Volume V, Issue 3
Editor’s Note:
“I am not afraid of storms, for I am learning how to sail my ship.” (Little Women by Louisa May Alcott)
Natural disasters, racial conflicts, civil unrest, the threat of war–these are just some of the current events filling news cycles this month. As a teacher I have a natural desire to protect children from physical dangers, as well as knowledge of a troubled world. However, I have come to realize that despite my instincts, children at very young ages are not only aware of these issues, but many are directly impacted by them. Furthermore, children live in a plugged-in world, surrounded by media conveying images and stories about current events around the world in real time.
How do we provide children and adolescents with perspectives on these difficult truths and the issues they raise? Do we ignore them, making our classrooms neutral spaces devoid of disturbing conversations too challenging for young students to consider, or do we bring these issues into school spaces and create opportunities for students to constructively explore and expand their knowledge and understandings of these issues? Perhaps the more significant question to consider is how to help young learners navigate and process this constant exposure to troubling events and the complex issues such events raise for students.

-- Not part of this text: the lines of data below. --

lemma run_eq_if_messages_agree:
  assumes valid: "\<And>B. B \<in> P \<Longrightarrow> valid_profile t B"
    and agree: "\<And>h i M c B B'. subtree t h = Some (Node i M c) \<Longrightarrow> \<forall>B\<in>P. h \<in> Path t B \<Longrightarrow>
                  B \<in> P \<Longrightarrow> B' \<in> P \<Longrightarrow> B i h = B' i h"
    and "B \<in> P" "B' \<in> P"
  shows "run t [] B = run t [] B'"
proof -
  have same_below: "run u h B = run u h B'"
    if "subtree t h = Some u"
      and "\<forall>B\<in>P. run t [] B = run u h B \<and> path_nodes u h B \<subseteq> Path t B"
      and "B \<in> P" "B' \<in> P"
    for u h B B'
    using that
  proof (induction u arbitrary: h B B')
    case (Leaf a p)
    then show ?case by simp
  next
    case (Node i M c)
    define m where "m = B i h"
    have on_paths: "\<forall>B\<in>P. h \<in> Path t B"
      using Node.prems(2) by auto
    have sends_m: "B'' i h = m" if "B'' \<in> P" for B''
      using agree[OF Node.prems(1) on_paths Node.prems(3) that] by (simp add: m_def)
    have "m \<in> M"
      using valid[OF Node.prems(3)] Node.prems(1) by (auto simp: m_def valid_profile_def valid_beh_def)
    then have child: "subtree t (h @ [m]) = Some (c m)"
      using subtree_append[OF Node.prems(1), of "[m]"] by simp
    have "\<forall>B''\<in>P. run t [] B'' = run (c m) (h @ [m]) B'' \<and> path_nodes (c m) (h @ [m]) B'' \<subseteq> Path t B''"
    proof
      fix B'' assume "B'' \<in> P"
      then have "run t [] B'' = run (Node i M c) h B''"
        and "path_nodes (Node i M c) h B'' \<subseteq> Path t B''"
        using Node.prems(2) by blast+
      then show "run t [] B'' = run (c m) (h @ [m]) B'' \<and> path_nodes (c m) (h @ [m]) B'' \<subseteq> Path t B''"
        using sends_m[OF \<open>B'' \<in> P\<close>] by auto
    qed
    from Node.IH[OF rangeI child this Node.prems(3,4)]
    have "run (c m) (h @ [m]) B = run (c m) (h @ [m]) B'" .
    then show ?case
      using sends_m[OF Node.prems(3)] sends_m[OF Node.prems(4)] by simp
  qed
  show ?thesis
    by (rule same_below[of "[]" t]) (use assms(3,4) in \<open>auto simp: Path_def\<close>)
qed
(* Let $f:\mathbb{R}^n_{>0}\to\mathbb{R}^n_{>0}$ be order-preserving and homogeneous, and let $J\subset[n]$ be a nonempty proper subset such that $r(f^J_0)<\lambda(f^{[n]\setminus J}_\infty)$. If $f^J_0$ has a nonempty and $d_H$-bounded set of eigenvectors in $\mathbb{R}^J_{>0}$, then $r(f^I_0)<\lambda(f^{[n]\setminus I}_\infty)$ for all nonempty $I\subseteq J$. If $f^{[n]\setminus J}_\infty$ has a nonempty and $d_H$-bounded set of eigenvectors in the part $(0,\infty]^{[n]\setminus J}$, then $r(f^I_0)<\lambda(f^{[n]\setminus I}_\infty)$ for all $I\supseteq J$ with $I\ne[n]$.
   Context: $[n]=\{1,\dots,n\}$; $x\le y$ is the entrywise order. Order-preserving: $x\le y\Rightarrow f(x)\le f(y)$; homogeneous: $f(tx)=tf(x)$ for $t>0$. Every order-preserving homogeneous $f:\mathbb{R}^n_{>0}\to\mathbb{R}^n_{>0}$ extends continuously to order-preserving homogeneous maps $\mathbb{R}^n_{\ge0}\to\mathbb{R}^n_{\ge0}$ and $(0,\infty]^n\to(0,\infty]^n$, again denoted $f$. For $\alpha\in[-\infty,\infty]$ and $J\subseteq[n]$, $P^J_\alpha(x)_j=x_j$ for $j\in J$ and $=\alpha$ otherwise; $f^J_0=P^J_0fP^J_0$ on $\mathbb{R}^n_{\ge0}$ and $f^J_\infty=P^J_\infty fP^J_\infty$ on $(0,\infty]^n$. For $g$ order-preserving homogeneous on $\mathbb{R}^n_{\ge0}$ or $(0,\infty]^n$: $r(g)=\inf_{x\in\mathbb{R}^n_{>0}}\max_i g(x)_i/x_i$, $\lambda(g)=\sup_{x\in\mathbb{R}^n_{>0}}\min_i g(x)_i/x_i$ (values in $[0,\infty]$). $\mathbb{R}^J_{>0}=\{x\in\mathbb{R}^n_{\ge0}:\{i:x_i>0\}=J\}$ and $(0,\infty]^{K}=\{x\in(0,\infty]^n:\{i:x_i<\infty\}=K\}$. An eigenvector of $g$ in one of these sets $S$ is $x\in S$ with $g(x)=\mu x$ for some $\mu$. Hilbert's projective metric between two vectors $x,y$ in the same such set, with $L$ the set of coordinates where they are positive and finite, is $d_H(x,y)=\log\max_{i,j\in L}\frac{y_ix_j}{x_iy_j}$; $d_H$-bounded means finite $d_H$-diameter. *)

theory Defs
  imports "HOL-Analysis.Analysis" "HOL-Library.Extended_Real"
begin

This issue of WOW Stories highlights teachers and teacher educators who took on the challenge of addressing critical issues and difficult topics in the classroom. The four vignettes demonstrate how literature, careful planning, and an abiding trust in children’s abilities to think critically about political, social, and global issues, present powerful opportunities for inquiry and reflection for both students and their teachers.

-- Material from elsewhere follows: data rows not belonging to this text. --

(* Let $m\geq1$ and, for $s\geq2$, set $G(m,s)=sm-\operatorname{zcl}_s(\mathbb{R}\mathrm{P}^m)$. Then $G(m,2)\geq G(m,3)\geq G(m,4)\geq\cdots\geq0$.
   Context: With mod $2$ cohomology, the $s$-th zero-divisors of $\mathbb{R}\mathrm{P}^m$ are the elements of the kernel of $\Delta_s^*\colon H^*((\mathbb{R}\mathrm{P}^m)^{\times s};\mathbb{Z}_2)\to H^*(\mathbb{R}\mathrm{P}^m;\mathbb{Z}_2)$ induced by the diagonal; $\operatorname{zcl}_s(\mathbb{R}\mathrm{P}^m)$ is the maximal number of $s$-th zero-divisors with nonzero product. *)

theory Defs
  imports Main
begin

text \<open>Mod 2 cohomology of (RP^m)^s, modelled via Kuenneth as the truncated
polynomial algebra Z2[x_0,...,x_(s-1)]/(x_i^(m+1)).  A monomial is an exponent
vector e :: nat => nat with e i <= m for i < s and e i = 0 for i >= s.
An element of the algebra (Z2 coefficients) is the finite set of monomials
occurring in it; addition is symmetric difference.\<close>

definition tmonos :: "nat \<Rightarrow> nat \<Rightarrow> (nat \<Rightarrow> nat) set" where
  "tmonos s m = {e. (\<forall>i<s. e i \<le> m) \<and> (\<forall>i\<ge>s. e i = 0)}"

definition tmul :: "nat \<Rightarrow> nat \<Rightarrow> (nat \<Rightarrow> nat) set \<Rightarrow> (nat \<Rightarrow> nat) set \<Rightarrow> (nat \<Rightarrow> nat) set" where
  "tmul s m P Q = {g \<in> tmonos s m.
      odd (card {(e, f). e \<in> P \<and> f \<in> Q \<and> (\<lambda>i. e i + f i) = g})}"

definition tone :: "(nat \<Rightarrow> nat) set" where
  "tone = {\<lambda>_. 0}"

definition tprod :: "nat \<Rightarrow> nat \<Rightarrow> (nat \<Rightarrow> nat) set list \<Rightarrow> (nat \<Rightarrow> nat) set" where
  "tprod s m zs = foldr (tmul s m) zs tone"

text \<open>The diagonal map Delta_s^*: x_i maps to x in Z2[x]/(x^(m+1)); the image is
given as the set of degrees k <= m whose coefficient of x^k is 1.\<close>

definition diag :: "nat \<Rightarrow> nat \<Rightarrow> (nat \<Rightarrow> nat) set \<Rightarrow> nat set" where
  "diag s m P = {k. k \<le> m \<and> odd (card {e \<in> P. (\<Sum>i<s. e i) = k})}"

definition zero_div :: "nat \<Rightarrow> nat \<Rightarrow> (nat \<Rightarrow> nat) set \<Rightarrow> bool" where
  "zero_div s m P \<longleftrightarrow> P \<subseteq> tmonos s m \<and> diag s m P = {}"

definition zcl :: "nat \<Rightarrow> nat \<Rightarrow> nat" where
  "zcl s m = (GREATEST k. \<exists>zs. length zs = k \<and> (\<forall>z\<in>set zs. zero_div s m z)
                               \<and> tprod s m zs \<noteq> {})"

definition G :: "nat \<Rightarrow> nat \<Rightarrow> int" where
  "G m s = int (s * m) - int (zcl s m)"

end

theory Submission
  imports Defs
begin

text \<open>Every monomial of an s-th zero-divisor has positive degree, so a nonzero product of
k zero-divisors contains a monomial of degree at least k; since the top degree of
(RP^m)^s is sm, this gives zcl_s \<le> sm. Conversely, a nonzero product of s-th zero-divisors
is still a nonzero product of (s+1)-th zero-divisors, and none of its monomials involves
x_s. Multiplying it by (x_0 + x_s)^m keeps it nonzero: a monomial g of the product reappears
as g x_s^m, which arises in exactly one way, namely as x_s^m times g. Hence
zcl_(s+1) \<ge> zcl_s + m.\<close>

lemma tmulE:
  assumes "h \<in> tmul s m P Q"
  obtains e f where "e \<in> P" "f \<in> Q" "h = (\<lambda>i. e i + f i)" "h \<in> tmonos s m"
proof -
  have "odd (card {(e, f). e \<in> P \<and> f \<in> Q \<and> (\<lambda>i. e i + f i) = h})" and "h \<in> tmonos s m"
    using assms by (auto simp: tmul_def)
  then have "{(e, f). e \<in> P \<and> f \<in> Q \<and> (\<lambda>i. e i + f i) = h} \<noteq> {}"
    by (metis card.empty even_zero)
  then show thesis
    using that \<open>h \<in> tmonos s m\<close> by auto
qed

lemma tprod_subset_tmonos: "tprod s m zs \<subseteq> tmonos s m"
  by (cases zs) (auto simp: tprod_def tone_def tmonos_def tmul_def)

lemma tmonos_subset_Suc: "tmonos s m \<subseteq> tmonos (Suc s) m"
  by (auto simp: tmonos_def less_Suc_eq)

lemma tmul_Suc:
  assumes "P \<subseteq> tmonos s m" and "Q \<subseteq> tmonos s m"
  shows "tmul (Suc s) m P Q = tmul s m P Q"
proof
  show "tmul s m P Q \<subseteq> tmul (Suc s) m P Q"
    using tmonos_subset_Suc by (auto simp: tmul_def)
next
  show "tmul (Suc s) m P Q \<subseteq> tmul s m P Q"
  proof
    fix h assume h: "h \<in> tmul (Suc s) m P Q"
    then obtain e f where "e \<in> P" "f \<in> Q" "h = (\<lambda>i. e i + f i)" "h \<in> tmonos (Suc s) m"
      by (rule tmulE)
    with assms have "h \<in> tmonos s m"
      by (auto simp: tmonos_def)
    with h show "h \<in> tmul s m P Q"
      by (simp add: tmul_def)
  qed
qed

lemma tprod_Suc:
  assumes "\<forall>z\<in>set zs. z \<subseteq> tmonos s m"
  shows "tprod (Suc s) m zs = tprod s m zs"
  using assms
proof (induction zs)
  case Nil
  then show ?case by (simp add: tprod_def)
next
  case (Cons z zs)
  then show ?case
    using tmul_Suc[of z s m "tprod s m zs"] tprod_subset_tmonos[of s m zs]
    by (simp add: tprod_def)
qed

lemma zero_div_Suc:
  assumes "zero_div s m z"
  shows "zero_div (Suc s) m z"
proof -
  have sub: "z \<subseteq> tmonos s m" and diag: "diag s m z = {}"
    using assms by (auto simp: zero_div_def)
  have "{e \<in> z. (\<Sum>i<Suc s. e i) = k} = {e \<in> z. (\<Sum>i<s. e i) = k}" for k
    using sub by (auto simp: tmonos_def)
  then have "diag (Suc s) m z = diag s m z"
    by (simp add: diag_def)
  moreover have "z \<subseteq> tmonos (Suc s) m"
    using sub tmonos_subset_Suc by blast
  ultimately show ?thesis
    using diag by (simp add: zero_div_def)
qed

definition deg :: "nat \<Rightarrow> (nat \<Rightarrow> nat) \<Rightarrow> nat" where
  "deg s e = (\<Sum>i<s. e i)"

lemma deg_add: "deg s (\<lambda>i. e i + f i) = deg s e + deg s f"
  by (simp add: deg_def sum.distrib)

lemma deg_le_mult:
  assumes "e \<in> tmonos s m"
  shows "deg s e \<le> s * m"
proof -
  have "(\<Sum>i<s. e i) \<le> (\<Sum>i<s. m)"
    using assms by (intro sum_mono) (auto simp: tmonos_def)
  then show ?thesis by (simp add: deg_def)
qed

lemma tmonos_deg_eq_0_iff:
  assumes "e \<in> tmonos s m"
  shows "deg s e = 0 \<longleftrightarrow> e = (\<lambda>_. 0)"
proof
  assume "deg s e = 0"
  show "e = (\<lambda>_. 0)"
  proof
    fix i
    show "e i = 0"
      using assms \<open>deg s e = 0\<close> by (cases "i < s") (auto simp: deg_def tmonos_def)
  qed
qed (simp add: deg_def)

lemma zero_div_deg_pos:
  assumes "zero_div s m z" and "e \<in> z"
  shows "0 < deg s e"
proof (rule ccontr)
  assume "\<not> 0 < deg s e"
  have sub: "z \<subseteq> tmonos s m" and diag: "diag s m z = {}"
    using assms(1) by (auto simp: zero_div_def)
  have zero: "x = (\<lambda>_. 0)" if "x \<in> z" and "deg s x = 0" for x
    using tmonos_deg_eq_0_iff[of x s m] that sub by auto
  moreover have "e = (\<lambda>_. 0)"
    using zero assms(2) \<open>\<not> 0 < deg s e\<close> by simp
  ultimately have "{x \<in> z. deg s x = 0} = {\<lambda>_. 0}"
    using assms(2) \<open>\<not> 0 < deg s e\<close> by auto
  then have "0 \<in> diag s m z"
    by (simp add: diag_def deg_def[symmetric])
  with diag show False
    by simp
qed

lemma length_le_deg_tprod:
  assumes "\<forall>z\<in>set zs. zero_div s m z" and "h \<in> tprod s m zs"
  shows "length zs \<le> deg s h"
  using assms
proof (induction zs arbitrary: h)
  case Nil
  then show ?case by simp
next
  case (Cons z zs)
  from \<open>h \<in> tprod s m (z # zs)\<close> obtain e f
    where "e \<in> z" "f \<in> tprod s m zs" "h = (\<lambda>i. e i + f i)"
    by (auto simp: tprod_def elim: tmulE)
  moreover have "0 < deg s e"
    using Cons.prems(1) \<open>e \<in> z\<close> by (intro zero_div_deg_pos[of s m z]) simp_all
  moreover from Cons \<open>f \<in> tprod s m zs\<close> have "length zs \<le> deg s f"
    by simp
  ultimately show ?case
    by (simp add: deg_add)
qed

definition nonzero_zd_product :: "nat \<Rightarrow> nat \<Rightarrow> nat \<Rightarrow> bool" where
  "nonzero_zd_product s m k \<longleftrightarrow>
     (\<exists>zs. length zs = k \<and> (\<forall>z\<in>set zs. zero_div s m z) \<and> tprod s m zs \<noteq> {})"

lemma nonzero_zd_product_le_mult:
  assumes "nonzero_zd_product s m k"
  shows "k \<le> s * m"
proof -
  obtain zs h where "length zs = k" "\<forall>z\<in>set zs. zero_div s m z" "h \<in> tprod s m zs"
    using assms by (auto simp: nonzero_zd_product_def)
  then have "k \<le> deg s h"
    using length_le_deg_tprod by blast
  also have "deg s h \<le> s * m"
    using \<open>h \<in> tprod s m zs\<close> tprod_subset_tmonos by (intro deg_le_mult) blast
  finally show ?thesis .
qed

lemma zcl_eq_Greatest: "zcl s m = Greatest (nonzero_zd_product s m)"
  by (simp add: zcl_def nonzero_zd_product_def[abs_def])

lemma nonzero_zd_product_zcl: "nonzero_zd_product s m (zcl s m)"
proof -
  have "nonzero_zd_product s m 0"
    by (auto simp: nonzero_zd_product_def tprod_def tone_def)
  then show ?thesis
    unfolding zcl_eq_Greatest using nonzero_zd_product_le_mult by (rule GreatestI_nat)
qed

lemma le_zcl: "nonzero_zd_product s m k \<Longrightarrow> k \<le> zcl s m"
  unfolding zcl_eq_Greatest
  by (rule Greatest_le_nat[where b = "s * m"]) (use nonzero_zd_product_le_mult in blast)+

lemma zcl_le_mult: "zcl s m \<le> s * m"
  using nonzero_zd_product_le_mult nonzero_zd_product_zcl by blast

definition xgen :: "nat \<Rightarrow> nat \<Rightarrow> nat" where
  "xgen j = (\<lambda>i. if i = j then 1 else 0)"

definition xsum :: "nat \<Rightarrow> nat \<Rightarrow> (nat \<Rightarrow> nat) set" where
  "xsum i j = {xgen i, xgen j}"

lemma zero_div_xsum:
  assumes "i \<noteq> j" "i < s" "j < s" "1 \<le> m"
  shows "zero_div s m (xsum i j)"
proof -
  have deg1: "deg s e = 1" if "e \<in> xsum i j" for e
    using that assms by (auto simp: xsum_def xgen_def deg_def)
  have "xgen i \<noteq> xgen j"
    using assms(1) by (auto simp: xgen_def fun_eq_iff)
  then have "card (xsum i j) = 2"
    by (simp add: xsum_def)
  moreover have "{e \<in> xsum i j. deg s e = k} = (if k = 1 then xsum i j else {})" for k
    using deg1 by auto
  ultimately have "even (card {e \<in> xsum i j. deg s e = k})" for k
    by simp
  then have "diag s m (xsum i j) = {}"
    by (simp add: diag_def deg_def[symmetric])
  moreover have "xsum i j \<subseteq> tmonos s m"
    using assms by (auto simp: xsum_def xgen_def tmonos_def)
  ultimately show ?thesis
    by (simp add: zero_div_def)
qed

lemma tmul_xsum_le:
  assumes "\<forall>f\<in>Q. f j \<le> n" and "h \<in> tmul s m (xsum i j) Q"
  shows "h j \<le> Suc n"
proof -
  obtain e f where "e \<in> xsum i j" "f \<in> Q" "h = (\<lambda>k. e k + f k)"
    using assms(2) by (rule tmulE)
  moreover from \<open>e \<in> xsum i j\<close> have "e j \<le> 1"
    by (auto simp: xsum_def xgen_def)
  ultimately show ?thesis
    using assms(1) by fastforce
qed

lemma tmul_xsum_mem:
  assumes "i \<noteq> j" and "\<forall>f\<in>Q. f j \<le> n" and "g \<in> Q" "g j = n"
    and "g(j := Suc n) \<in> tmonos s m"
  shows "g(j := Suc n) \<in> tmul s m (xsum i j) Q"
proof -
  \<comment> \<open>The exponent Suc n of x_j exceeds that of every f in Q, so the factor from xsum i j is x_j.\<close>
  have "{(e, f). e \<in> xsum i j \<and> f \<in> Q \<and> (\<lambda>k. e k + f k) = g(j := Suc n)} = {(xgen j, g)}"
  proof (intro equalityI subsetI)
    fix p assume "p \<in> {(e, f). e \<in> xsum i j \<and> f \<in> Q \<and> (\<lambda>k. e k + f k) = g(j := Suc n)}"
    then obtain e f where p: "p = (e, f)" and e: "e \<in> xsum i j" and f: "f \<in> Q"
      and sum: "(\<lambda>k. e k + f k) = g(j := Suc n)"
      by blast
    from sum have ej: "e j + f j = Suc n"
      by (metis fun_upd_same)
    moreover from assms(2) f have "f j \<le> n"
      by blast
    ultimately have "e j \<noteq> 0"
      by simp
    with e assms(1) have "e = xgen j"
      by (auto simp: xsum_def xgen_def)
    moreover have "f k = g k" for k
      using fun_cong[OF sum, of k] \<open>e = xgen j\<close> ej assms(4)
      by (cases "k = j") (auto simp: xgen_def)
    ultimately show "p \<in> {(xgen j, g)}"
      using p by auto
  next
    fix p assume "p \<in> {(xgen j, g)}"
    with assms(3,4) show "p \<in> {(e, f). e \<in> xsum i j \<and> f \<in> Q \<and> (\<lambda>k. e k + f k) = g(j := Suc n)}"
      by (auto simp: xsum_def xgen_def fun_eq_iff)
  qed
  with assms(5) show ?thesis
    by (simp add: tmul_def)
qed

lemma xsum_power_mem:
  assumes "i \<noteq> j" "j < s" "n \<le> m"
    and "\<forall>f\<in>Q. f j = 0" and "g \<in> Q" "g \<in> tmonos s m"
  shows "g(j := n) \<in> foldr (tmul s m) (replicate n (xsum i j)) Q"
proof -
  have "(\<forall>f\<in>foldr (tmul s m) (replicate n (xsum i j)) Q. f j \<le> n)
        \<and> g(j := n) \<in> foldr (tmul s m) (replicate n (xsum i j)) Q"
    using \<open>n \<le> m\<close>
  proof (induction n)
    case 0
    with assms(4,5) show ?case
      by (simp add: fun_upd_idem)
  next
    case (Suc n)
    define F where "F = foldr (tmul s m) (replicate n (xsum i j)) Q"
    have "(\<forall>f\<in>F. f j \<le> n) \<and> g(j := n) \<in> F"
      unfolding F_def using Suc.prems by (intro Suc.IH) simp
    then have le: "\<forall>f\<in>F. f j \<le> n" and mem: "g(j := n) \<in> F"
      by blast+
    have "g(j := Suc n) \<in> tmonos s m"
      using assms(2,6) Suc.prems by (auto simp: tmonos_def)
    then have "g(j := Suc n) \<in> tmul s m (xsum i j) F"
      by (rule tmul_xsum_mem[OF assms(1) le mem fun_upd_same, unfolded fun_upd_upd])
    with tmul_xsum_le[OF le] show ?case
      unfolding replicate_Suc foldr_Cons comp_apply F_def[symmetric] by blast
  qed
  then show ?thesis ..
qed

lemma zcl_Suc_ge:
  assumes "1 \<le> s" "1 \<le> m"
  shows "zcl s m + m \<le> zcl (Suc s) m"
proof -
  obtain zs g where zs: "length zs = zcl s m" "\<forall>z\<in>set zs. zero_div s m z"
    and g: "g \<in> tprod s m zs"
    using nonzero_zd_product_zcl[of s m] by (auto simp: nonzero_zd_product_def)
  define Q where "Q = tprod (Suc s) m zs"
  have Q: "Q = tprod s m zs"
    unfolding Q_def using zs(2) by (intro tprod_Suc) (auto simp: zero_div_def)
  then have sub: "Q \<subseteq> tmonos s m"
    by (simp add: tprod_subset_tmonos)
  have no_xs: "\<forall>f\<in>Q. f s = 0"
  proof
    fix f assume "f \<in> Q"
    with sub show "f s = 0"
      by (auto simp: tmonos_def)
  qed
  have gQ: "g \<in> Q"
    using g Q by simp
  with sub have gT: "g \<in> tmonos (Suc s) m"
    using tmonos_subset_Suc by blast
  define ws where "ws = replicate m (xsum 0 s) @ zs"
  have "g(s := m) \<in> foldr (tmul (Suc s) m) (replicate m (xsum 0 s)) Q"
    using assms no_xs gQ gT xsum_power_mem[where i = 0 and j = s and s = "Suc s" and n = m]
    by simp
  moreover have "tprod (Suc s) m ws = foldr (tmul (Suc s) m) (replicate m (xsum 0 s)) Q"
    by (simp add: ws_def tprod_def Q_def)
  ultimately have nonzero: "tprod (Suc s) m ws \<noteq> {}"
    by auto
  have "zero_div (Suc s) m (xsum 0 s)"
    by (rule zero_div_xsum) (use assms in auto)
  with zs(2) have "\<forall>z\<in>set ws. zero_div (Suc s) m z"
    by (auto simp: ws_def zero_div_Suc)
  with nonzero have "nonzero_zd_product (Suc s) m (length ws)"
    unfolding nonzero_zd_product_def by blast
  then show ?thesis
    using le_zcl by (simp add: ws_def zs(1) add.commute)
qed

theorem lemma4p3:
  fixes m :: nat
  assumes "m \<ge> 1"
  shows "\<forall>s\<ge>2. G m (Suc s) \<le> G m s \<and> 0 \<le> G m s"
proof (intro allI impI conjI)
  fix s :: nat assume "s \<ge> 2"
  then have "zcl s m + m \<le> zcl (Suc s) m"
    using assms by (intro zcl_Suc_ge) auto
  then show "G m (Suc s) \<le> G m s"
    by (simp add: G_def)
  have "int (zcl s m) \<le> int (s * m)"
    by (simp only: of_nat_le_iff zcl_le_mult)
  then show "0 \<le> G m s"
    unfolding G_def by linarith
qed

end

Kelly Cutler shares an inquiry into an exploration of race with first graders. Her vignette describes how she initiated these conversations using carefully selected literature and guiding questions to define topics around race that led to insightful observations and connections. Similarly, Hee Young Kim and Angelica Serrano explore how students in an elementary classroom visually read images in cultural texts with the goal of creating a critical visual literacy curriculum. Their collaborative inquiry found students recognized embedded racialized discourses in the illustrations of picture books through instruction on how to read visual elements.
The last two vignettes draw attention to the critical role the teacher plays in enacting engagement with critical issues through the authors’ work with preservice teachers. Mary Fahrenbruck and Leanna Lucero describe how they engage preservice teachers with multicultural literature, providing explicit descriptions of instructional practices and links to resources they found effective in developing critical awareness of the diversity of students in their future classrooms. Likewise, S. Rebecca Leigh depicts her experiences using challenging texts with preservice teachers and presents a framework she adapted that provided opportunities for pre-service teachers to effectively use read alouds as part of their social justice pedagogy.
As an editor and teacher, I am inspired by these stories of hope, and encouraged by the powerful learning opportunities offered by meaningful engagements around literature. Like Amy from Little Women, I am less afraid to sail my ship into the storm (Alcott, 1832).
Alcott, Louisa May, (1832/2014). Little Women: New York: Puffin.